> **EXERCISE DIRECTIONS**
Write out the stretch of lines below that begins at the line with "define I where" and ends at the line with "using C by simp", including both, exactly as given and nothing more.

[Data excerpts]

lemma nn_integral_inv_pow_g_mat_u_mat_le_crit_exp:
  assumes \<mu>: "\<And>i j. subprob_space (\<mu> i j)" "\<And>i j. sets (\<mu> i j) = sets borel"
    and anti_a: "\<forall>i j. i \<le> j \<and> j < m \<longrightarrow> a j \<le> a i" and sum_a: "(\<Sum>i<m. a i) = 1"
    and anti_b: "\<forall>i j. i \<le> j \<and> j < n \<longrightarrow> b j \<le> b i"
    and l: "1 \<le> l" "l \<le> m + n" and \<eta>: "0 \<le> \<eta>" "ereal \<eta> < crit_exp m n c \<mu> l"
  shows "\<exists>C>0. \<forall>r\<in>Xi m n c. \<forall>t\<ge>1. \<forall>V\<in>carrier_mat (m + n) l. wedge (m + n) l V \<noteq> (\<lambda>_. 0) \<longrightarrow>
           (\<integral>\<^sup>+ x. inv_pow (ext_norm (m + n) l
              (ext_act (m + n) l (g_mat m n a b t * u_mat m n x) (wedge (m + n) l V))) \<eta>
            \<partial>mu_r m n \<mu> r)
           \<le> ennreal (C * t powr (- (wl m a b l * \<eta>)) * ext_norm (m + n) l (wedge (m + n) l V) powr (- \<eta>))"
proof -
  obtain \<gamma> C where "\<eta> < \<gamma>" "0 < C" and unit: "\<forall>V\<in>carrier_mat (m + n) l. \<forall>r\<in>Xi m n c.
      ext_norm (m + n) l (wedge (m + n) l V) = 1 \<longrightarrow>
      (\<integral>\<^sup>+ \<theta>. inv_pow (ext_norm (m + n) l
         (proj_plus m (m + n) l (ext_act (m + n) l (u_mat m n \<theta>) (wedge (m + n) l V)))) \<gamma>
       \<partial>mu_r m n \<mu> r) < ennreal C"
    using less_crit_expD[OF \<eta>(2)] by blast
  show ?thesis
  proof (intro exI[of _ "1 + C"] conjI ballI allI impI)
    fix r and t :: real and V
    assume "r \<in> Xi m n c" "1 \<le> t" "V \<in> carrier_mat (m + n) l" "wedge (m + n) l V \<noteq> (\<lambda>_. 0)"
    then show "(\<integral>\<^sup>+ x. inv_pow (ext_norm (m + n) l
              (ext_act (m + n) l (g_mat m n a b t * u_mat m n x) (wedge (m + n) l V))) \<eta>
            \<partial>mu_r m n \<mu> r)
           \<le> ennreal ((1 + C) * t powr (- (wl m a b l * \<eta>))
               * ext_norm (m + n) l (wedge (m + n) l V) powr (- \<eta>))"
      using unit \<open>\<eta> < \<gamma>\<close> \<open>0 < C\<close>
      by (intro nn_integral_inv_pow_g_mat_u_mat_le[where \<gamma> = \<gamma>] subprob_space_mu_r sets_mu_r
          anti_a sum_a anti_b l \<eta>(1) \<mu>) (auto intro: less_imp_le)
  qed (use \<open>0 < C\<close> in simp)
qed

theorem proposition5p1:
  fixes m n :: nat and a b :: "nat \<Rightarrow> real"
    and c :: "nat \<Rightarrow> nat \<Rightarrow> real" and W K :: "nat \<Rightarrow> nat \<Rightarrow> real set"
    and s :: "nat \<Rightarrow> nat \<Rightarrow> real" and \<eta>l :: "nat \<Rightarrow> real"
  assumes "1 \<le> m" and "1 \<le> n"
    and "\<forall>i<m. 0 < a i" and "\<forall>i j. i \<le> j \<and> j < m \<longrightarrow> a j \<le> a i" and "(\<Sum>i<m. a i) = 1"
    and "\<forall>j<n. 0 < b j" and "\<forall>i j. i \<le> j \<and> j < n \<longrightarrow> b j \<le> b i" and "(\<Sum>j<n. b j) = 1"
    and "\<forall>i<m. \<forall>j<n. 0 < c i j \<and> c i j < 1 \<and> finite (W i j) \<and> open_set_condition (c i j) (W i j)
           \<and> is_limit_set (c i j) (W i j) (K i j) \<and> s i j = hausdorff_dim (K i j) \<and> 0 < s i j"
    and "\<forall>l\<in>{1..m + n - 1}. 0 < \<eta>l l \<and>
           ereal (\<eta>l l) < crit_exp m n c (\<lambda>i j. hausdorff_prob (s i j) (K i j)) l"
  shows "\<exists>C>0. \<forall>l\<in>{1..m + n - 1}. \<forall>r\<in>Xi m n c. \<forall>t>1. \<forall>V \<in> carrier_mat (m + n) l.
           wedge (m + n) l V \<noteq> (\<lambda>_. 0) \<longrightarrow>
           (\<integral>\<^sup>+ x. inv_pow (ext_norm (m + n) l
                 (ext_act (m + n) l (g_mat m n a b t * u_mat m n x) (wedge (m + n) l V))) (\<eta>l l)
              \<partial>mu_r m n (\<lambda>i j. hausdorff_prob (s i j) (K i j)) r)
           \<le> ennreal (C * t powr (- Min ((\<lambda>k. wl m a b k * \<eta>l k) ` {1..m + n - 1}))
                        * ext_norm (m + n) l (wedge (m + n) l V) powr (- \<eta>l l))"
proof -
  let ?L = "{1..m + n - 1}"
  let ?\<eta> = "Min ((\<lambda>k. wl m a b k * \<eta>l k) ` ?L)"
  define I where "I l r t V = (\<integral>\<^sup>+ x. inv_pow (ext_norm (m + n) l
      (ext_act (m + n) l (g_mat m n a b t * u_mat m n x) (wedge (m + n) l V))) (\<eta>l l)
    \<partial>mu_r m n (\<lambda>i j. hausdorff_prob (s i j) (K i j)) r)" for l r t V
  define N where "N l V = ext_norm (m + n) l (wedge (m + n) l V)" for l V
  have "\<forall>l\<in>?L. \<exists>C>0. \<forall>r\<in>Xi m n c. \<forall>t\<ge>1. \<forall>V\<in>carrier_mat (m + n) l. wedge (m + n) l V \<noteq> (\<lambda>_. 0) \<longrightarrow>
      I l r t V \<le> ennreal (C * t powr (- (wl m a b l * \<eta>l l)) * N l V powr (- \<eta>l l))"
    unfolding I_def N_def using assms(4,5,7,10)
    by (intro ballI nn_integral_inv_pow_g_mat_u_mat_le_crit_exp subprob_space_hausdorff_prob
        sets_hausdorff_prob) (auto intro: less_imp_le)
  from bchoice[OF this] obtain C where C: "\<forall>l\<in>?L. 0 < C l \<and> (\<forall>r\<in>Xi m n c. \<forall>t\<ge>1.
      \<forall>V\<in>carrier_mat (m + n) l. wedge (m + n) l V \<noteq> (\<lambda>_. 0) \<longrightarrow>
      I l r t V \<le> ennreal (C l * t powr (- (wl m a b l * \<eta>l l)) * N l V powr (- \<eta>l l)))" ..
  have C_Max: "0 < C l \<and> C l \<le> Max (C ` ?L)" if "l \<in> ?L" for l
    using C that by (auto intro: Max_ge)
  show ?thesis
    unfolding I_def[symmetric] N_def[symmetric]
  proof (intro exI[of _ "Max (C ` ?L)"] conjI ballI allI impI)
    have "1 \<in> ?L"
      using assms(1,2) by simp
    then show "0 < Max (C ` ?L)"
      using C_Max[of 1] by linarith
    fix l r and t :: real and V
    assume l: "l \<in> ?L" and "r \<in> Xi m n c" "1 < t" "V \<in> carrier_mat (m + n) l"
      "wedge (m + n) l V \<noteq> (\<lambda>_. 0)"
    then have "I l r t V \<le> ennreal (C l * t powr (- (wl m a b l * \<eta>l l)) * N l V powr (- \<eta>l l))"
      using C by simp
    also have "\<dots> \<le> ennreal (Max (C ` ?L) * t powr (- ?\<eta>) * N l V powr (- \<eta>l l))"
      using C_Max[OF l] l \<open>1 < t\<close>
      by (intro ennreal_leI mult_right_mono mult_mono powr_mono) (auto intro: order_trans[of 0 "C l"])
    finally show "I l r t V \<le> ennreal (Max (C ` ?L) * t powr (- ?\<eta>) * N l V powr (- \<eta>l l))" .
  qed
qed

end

> **ANSWER FOR THIS EXERCISE**
  define I where "I l r t V = (\<integral>\<^sup>+ x. inv_pow (ext_norm (m + n) l
      (ext_act (m + n) l (g_mat m n a b t * u_mat m n x) (wedge (m + n) l V))) (\<eta>l l)
    \<partial>mu_r m n (\<lambda>i j. hausdorff_prob (s i j) (K i j)) r)" for l r t V
  define N where "N l V = ext_norm (m + n) l (wedge (m + n) l V)" for l V
  have "\<forall>l\<in>?L. \<exists>C>0. \<forall>r\<in>Xi m n c. \<forall>t\<ge>1. \<forall>V\<in>carrier_mat (m + n) l. wedge (m + n) l V \<noteq> (\<lambda>_. 0) \<longrightarrow>
      I l r t V \<le> ennreal (C * t powr (- (wl m a b l * \<eta>l l)) * N l V powr (- \<eta>l l))"
    unfolding I_def N_def using assms(4,5,7,10)
    by (intro ballI nn_integral_inv_pow_g_mat_u_mat_le_crit_exp subprob_space_hausdorff_prob
        sets_hausdorff_prob) (auto intro: less_imp_le)
  from bchoice[OF this] obtain C where C: "\<forall>l\<in>?L. 0 < C l \<and> (\<forall>r\<in>Xi m n c. \<forall>t\<ge>1.
      \<forall>V\<in>carrier_mat (m + n) l. wedge (m + n) l V \<noteq> (\<lambda>_. 0) \<longrightarrow>
      I l r t V \<le> ennreal (C l * t powr (- (wl m a b l * \<eta>l l)) * N l V powr (- \<eta>l l)))" ..
  have C_Max: "0 < C l \<and> C l \<le> Max (C ` ?L)" if "l \<in> ?L" for l
    using C that by (auto intro: Max_ge)
  show ?thesis
    unfolding I_def[symmetric] N_def[symmetric]
  proof (intro exI[of _ "Max (C ` ?L)"] conjI ballI allI impI)
    have "1 \<in> ?L"
      using assms(1,2) by simp
    then show "0 < Max (C ` ?L)"
      using C_Max[of 1] by linarith
    fix l r and t :: real and V
    assume l: "l \<in> ?L" and "r \<in> Xi m n c" "1 < t" "V \<in> carrier_mat (m + n) l"
      "wedge (m + n) l V \<noteq> (\<lambda>_. 0)"
    then have "I l r t V \<le> ennreal (C l * t powr (- (wl m a b l * \<eta>l l)) * N l V powr (- \<eta>l l))"
      using C by simp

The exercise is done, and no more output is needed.